Earlier this fall, the Transportation Finance Commission issued a second report, this one recommending steps Massachusetts can take to raise the money needed for its looming maintenance deficit. Among the suggestions were increasing highway tolls, raising the gas tax, and eliminating the state’s appalling requirement that police officers be paid to direct traffic at construction sites. But you have to wonder whether things have gotten so bad that new money will only make things worse. “I’m not ready to endorse new revenue proposals until the reform stuff gets done,” says Poftak. “We have such inefficiencies built into the system, the notion of just throwing more money at it is absurd.” Poftak works for an organization that leans Libertarian, so this sentiment is hardly a surprise. But he just might be right.

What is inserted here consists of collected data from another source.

lemma solv_prob_mean_strict_mono:
  fixes x y :: real
  assumes G: "simple_graph V E" "connected_graph V E" and "V \<noteq> {}" "0 \<le> x" "x < y"
  shows "solv_prob V E (inverse (1 + x / card V)) < solv_prob V E (inverse (1 + y / card V))"
proof -
  have "finite V" using G(1) by (simp add: simple_graph_def)
  then have "0 < card V" using \<open>V \<noteq> {}\<close> by (simp add: card_gt_0_iff)
  obtain v0 where "v0 \<in> V" using \<open>V \<noteq> {}\<close> by blast
  have "geom_family_prob V (unsolvable V E) (y / (card V + y))
          < geom_family_prob V (unsolvable V E) (x / (card V + x))"
    using finite_unsolvable[OF G] zero_in_unsolvable[OF \<open>V \<noteq> {}\<close>] down_closed_unsolvable
      \<open>0 < card V\<close> assms(4,5)
    by (intro geom_family_prob_strict_decreasing[OF \<open>finite V\<close> \<open>v0 \<in> V\<close>])
       (auto simp: field_simps)
  then show ?thesis
    using solv_prob_mean_eq[OF G \<open>V \<noteq> {}\<close>, of x] solv_prob_mean_eq[OF G \<open>V \<noteq> {}\<close>, of y] assms(4,5)
    by simp
qed

text \<open>Since the success probability is continuous and strictly increasing in x and vanishes at 0,
  the value x defining geom_threshold exists and is unique.\<close>

lemma geom_threshold_le:
  assumes G: "simple_graph V E" "connected_graph V E" and "V \<noteq> {}" "0 < b"
    and half: "1/2 \<le> solv_prob V E (inverse (1 + b / card V))"
  shows "geom_threshold V E \<le> b"
proof -
  define \<psi> where "\<psi> x = 1 - geom_family_prob V (unsolvable V E) (x / (card V + x))" for x :: real
  have \<psi>_eq: "solv_prob V E (inverse (1 + x / card V)) = \<psi> x" if "0 \<le> x" for x
    unfolding \<psi>_def using solv_prob_mean_eq[OF G \<open>V \<noteq> {}\<close> that] by simp
  have "1 \<le> geom_family_prob V (unsolvable V E) 0"
    unfolding geom_family_prob_def
    using member_le_sum[of "\<lambda>_. 0" _ "\<lambda>D. (1 - 0) ^ card V * (0::real) ^ pebble_count V D"]
      finite_unsolvable[OF G] zero_in_unsolvable[OF \<open>V \<noteq> {}\<close>]
    by (simp add: pebble_count_def)
  then have "\<psi> 0 \<le> 0" unfolding \<psi>_def by simp
  moreover have "1/2 \<le> \<psi> b" using half \<psi>_eq[of b] \<open>0 < b\<close> by simp
  moreover have "continuous_on {0..b} \<psi>"
  proof -
    have "0 < card V" using G(1) \<open>V \<noteq> {}\<close> by (simp add: simple_graph_def card_gt_0_iff)
    then show ?thesis unfolding \<psi>_def geom_family_prob_def by (intro continuous_intros) auto
  qed
  ultimately obtain x where x: "0 \<le> x" "x \<le> b" "\<psi> x = 1/2"
    using IVT'[of \<psi> 0 "1/2" b] \<open>0 < b\<close> by auto
  with \<open>\<psi> 0 \<le> 0\<close> have "0 < x" by (cases "x = 0") auto
  have "\<psi> y = 1/2 \<longleftrightarrow> y = x" if "0 < y" for y
    using solv_prob_mean_strict_mono[OF G \<open>V \<noteq> {}\<close>, of x y] x that
      solv_prob_mean_strict_mono[OF G \<open>V \<noteq> {}\<close>, of y x] \<psi>_eq[of x] \<psi>_eq[of y]
    by (cases x y rule: linorder_cases) auto
  then have "\<exists>!y. 0 < y \<and> solv_prob V E (inverse (1 + y / card V)) = 1/2"
    using \<open>0 < x\<close> \<psi>_eq by (metis less_eq_real_def)
  then have "geom_threshold V E = x"
    unfolding geom_threshold_def using \<open>0 < x\<close> x(3) \<psi>_eq[OF x(1)] by (intro the1_equality) simp_all
  then show ?thesis using x(2) by simp
qed

section \<open>A Chernoff bound along a path\<close>

lemma nn_integral_geometric_power:
  fixes q z :: real
  assumes q: "0 < q" "q \<le> 1" and z: "0 \<le> z" "z \<le> 1"
  shows "(\<integral>\<^sup>+ k. ennreal (z ^ k) \<partial>measure_pmf (geometric_pmf q)) = ennreal (q / (1 - (1 - q) * z))"
proof -
  have "(1 - q) * z \<le> 1 - q" using q z by (intro mult_left_le) auto
  then have "norm ((1 - q) * z) < 1" using q z by simp
  then have sums: "(\<lambda>k. q * ((1 - q) * z) ^ k) sums (q * (1 / (1 - (1 - q) * z)))"
    by (intro sums_mult geometric_sums)
  have "(\<integral>\<^sup>+ k. ennreal (z ^ k) \<partial>measure_pmf (geometric_pmf q)) = (\<Sum>k. ennreal (q * ((1 - q) * z) ^ k))"
    using q z by (simp add: nn_integral_measure_pmf nn_integral_count_space_nat ennreal_mult'[symmetric]
                            power_mult_distrib mult_ac)
  also have "\<dots> = ennreal (q * (1 / (1 - (1 - q) * z)))"
    by (rule suminf_ennreal_eq[OF _ sums]) (use q z in simp)
  finally show ?thesis by simp
qed

lemma inverse_one_minus_exp_le:
  fixes c :: real assumes "0 < c"
  shows "1 / (1 - exp (- c)) \<le> 1 + 1 / c"
proof -
  have "(c + 1) * exp (- c) \<le> exp c * exp (- c)"
    using exp_ge_add_one_self[of c] by (intro mult_right_mono) (simp_all add: add.commute)
  then have "c \<le> (c + 1) * (1 - exp (- c))" by (simp add: algebra_simps exp_minus)
  then show ?thesis using assms by (simp add: field_simps)
qed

How, then, do we go about making the necessary changes? How do we begin to fix this debacle? As a start, the Patrick administration (which does seem to be making the sorry state of our infrastructure a priority) has floated an idea that everyone from Salvucci to the Pioneer Institute to Joseph Giglio to Luisa Paiewonsky supports, at least in theory. It wants to overhaul the state’s tangled transportation network and create a single entity—MassTrans is the working name—that would control all of our roads, bridges, tunnels, rail lines, and ports. This being Massachusetts, though, everyone wants to see the fine print first. “Do I like it conceptually? Yes,” says Giglio. “Do I have confidence that it can be done effectively? Not necessarily.”

Poftak, meanwhile, has a few sensible recommendations of his own, including rules mandating that agencies devote a fixed percentage of their budgets to maintenance, and strict limitations on how bonded money may be spent. His Pioneer Institute, unsurprisingly, given its free-market disposition, also wants the state to at least explore the privatization of our infrastructure. Other states have had success auctioning off to private companies the right to build and operate their highways. Under this model—which proponents prefer to call “public-private partnerships”—the private company makes its money by charging tolls. The state receives revenue from the sale of the rights, and, according to this line of thinking, an assurance that its highways will be maintained, since the contractor has a financial incentive to keep the roads in good shape. The Patrick administration seems to have an open mind on this issue. “I think more and more we’re going to have to look at public and private partnerships,” Secretary Cohen said at the transportation forum. “We have to accept the fact that people who use public transportation are consuming it, and need to pay for it.”

It’s hard to escape the conclusion that, in the aftermath of the tragedy in Minnesota, private industry smells an opportunity to capitalize on our fears that Massachusetts—or other states that are getting the same hard sell these days—could be next. At the same time, it’s difficult to disagree with something Giglio told me: “You cannot expect the same people who created the problem, and are part of the problem,” he said, referring to state government, “to fix the problem.”